Je lis régulièrement le forum, mais écrit rarement (beaucoup trop occupé pendant longtemps). Mais je voulais vous faire part de mon expérience, relativement négative. Je ne suis pas encore trop dans la m..., malgré une situation qui est loin de ce que j'espérais (je suis idiot mais combattif), donc c'est plutôt pour information.
Après 3 ans et demi sur Gotland, et avoir terminé mon contrat à l'université (et avoir vérifié que les promesses de CDI faites pendant tout ce temps n'étaient bien que des promesses
Bon je pense que c'est aussi lié à l'isolement de Gotland (vu que beaucoup de suédois du continent ont aussi été victimes de l'Université), mais en terme de copinage et de tricherie, je n'ai jamais vu pire en France (pourtant ce n'est pas génial non plus, et refus de voir certaines réalités en face). Mais c'est aussi lié à certains aspects du pays (décisions en comité par exemple). Quand je vois maintenant (en cherchant du travail, mais mes années ici ont eu un impact négatif sur ma carrière scientifique (ni temps ni support pour pouvoir y travailler)) les postes équivalents à ce que j'étais supposé faire ici, je suis éc½uré.
Vous pouvez découvrir plus de commentaires acides (mais malheureusement justifiés) sur mon blog: http://www.thegiantball.com/~blog avec aussi des magnifiques photos (quand même
Pour faire suite à ce long descriptif, et justifier ce post, je crois que les petites "högskolans" sont des relatifs échecs, et pas seulement sur Gotland. Et il est très dangereux d'y travailler pour un étranger (bon, je crois qu'HGO est extrême quand même) ou pour un suédois hors-relations (vérifié avec d'autres personnes ici): la politique de financement de l'état pousse les Universités a trouver des fonds externes, comme les gros projets européens (plein d'argents). Les plus petites universités n'ont pas la compétence sur place (suite à l'emploi malheureux de personnes du voisinage sans rapport aux compétences, favorisé par les décisions en comité, quand le comité est un groupe de copains) et embauchent de l'extérieur.

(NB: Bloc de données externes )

(* Let $\mathfrak h\subseteq\Phi^+$ be a Hessenberg set and let $v,w\in W$ with $v$ a cover of $w$. Then $|N_v|-|\Phi^+\setminus\mathfrak h|\le|N^{\mathfrak h}_v|\le|N^{\mathfrak h}_w|+1$.
   Context: $\Phi$ is a crystallographic root system in a real Euclidean space with base $\Delta$, positive roots $\Phi^+$, $\Phi^-=-\Phi^+$, Weyl group $W$ with length $\ell$, and $s_\alpha$ the reflection through $\alpha$. Write $\alpha\prec\beta$ if $\beta-\alpha$ is a sum of positive roots. A Hessenberg set is a subset $\mathfrak h\subseteq\Phi^+$ whose complement in $\Phi^+$ is upward closed for $\prec$. For $w\in W$, $N_w=\{\beta\in\Phi^+: w^{-1}\beta\in\Phi^-\}$ and $N^{\mathfrak h}_w=\{\beta\in\Phi^+: w^{-1}\beta\in-\mathfrak h\}$. We say $v$ is a cover of $w$ if $v=s_\alpha w$ for some $\alpha\in\Phi^+$ with $v^{-1}\alpha\in\Phi^-$ and $\ell(v)=\ell(w)+1$. *)

theory Defs
  imports "HOL-Analysis.Analysis"
begin

definition rs_refl :: "'a::euclidean_space \<Rightarrow> 'a \<Rightarrow> 'a" where
  "rs_refl \<alpha> x = x - (2 * (x \<bullet> \<alpha>) / (\<alpha> \<bullet> \<alpha>)) *\<^sub>R \<alpha>"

Un peu de langue de bois pour conserver le poisson, puis à la poubelle quand le projet (et l'argent) est fini. Et sans rien y voir de mal
Bon la dérive sur projets européens/nationaux est une chose répandue, mais pas toujours à ce point.
Bref, si vous avez fini votre thèse, et trouvez un joli poste de responsable/ingénieur/chercheur pour un projet européen en Suède, vérifiez l'activité réelle de l'université avant. Ça pourrait bien être un piège. Là où j'étais il y a peu de risques maintenant, car ils ont réussi à désintégrer la recherche du département en un peu plus d'une année. Il ne peuvent actuellement plus lancer aucun projet (ni encadrer de thésard ni accueillir d'étudiants au niveau Master).
Et attention pour tous sur Gotland. Il est très difficile d'y trouver un travail, surtout sans relation.
Sinon, je suis à la recherche d'emploi
Bravo si vous avez lu jusque là !!!
Alain
PS. : C'est surtout une critique du système suédois, pas des suédois (heureusement beaucoup nous ont pas mal aidés). En fait beaucoup d'étrangers travaillent à l'université, de façon très opportuniste (en offrant certains cours d'un niveau collège). C'est un problème de dérive des högskolans.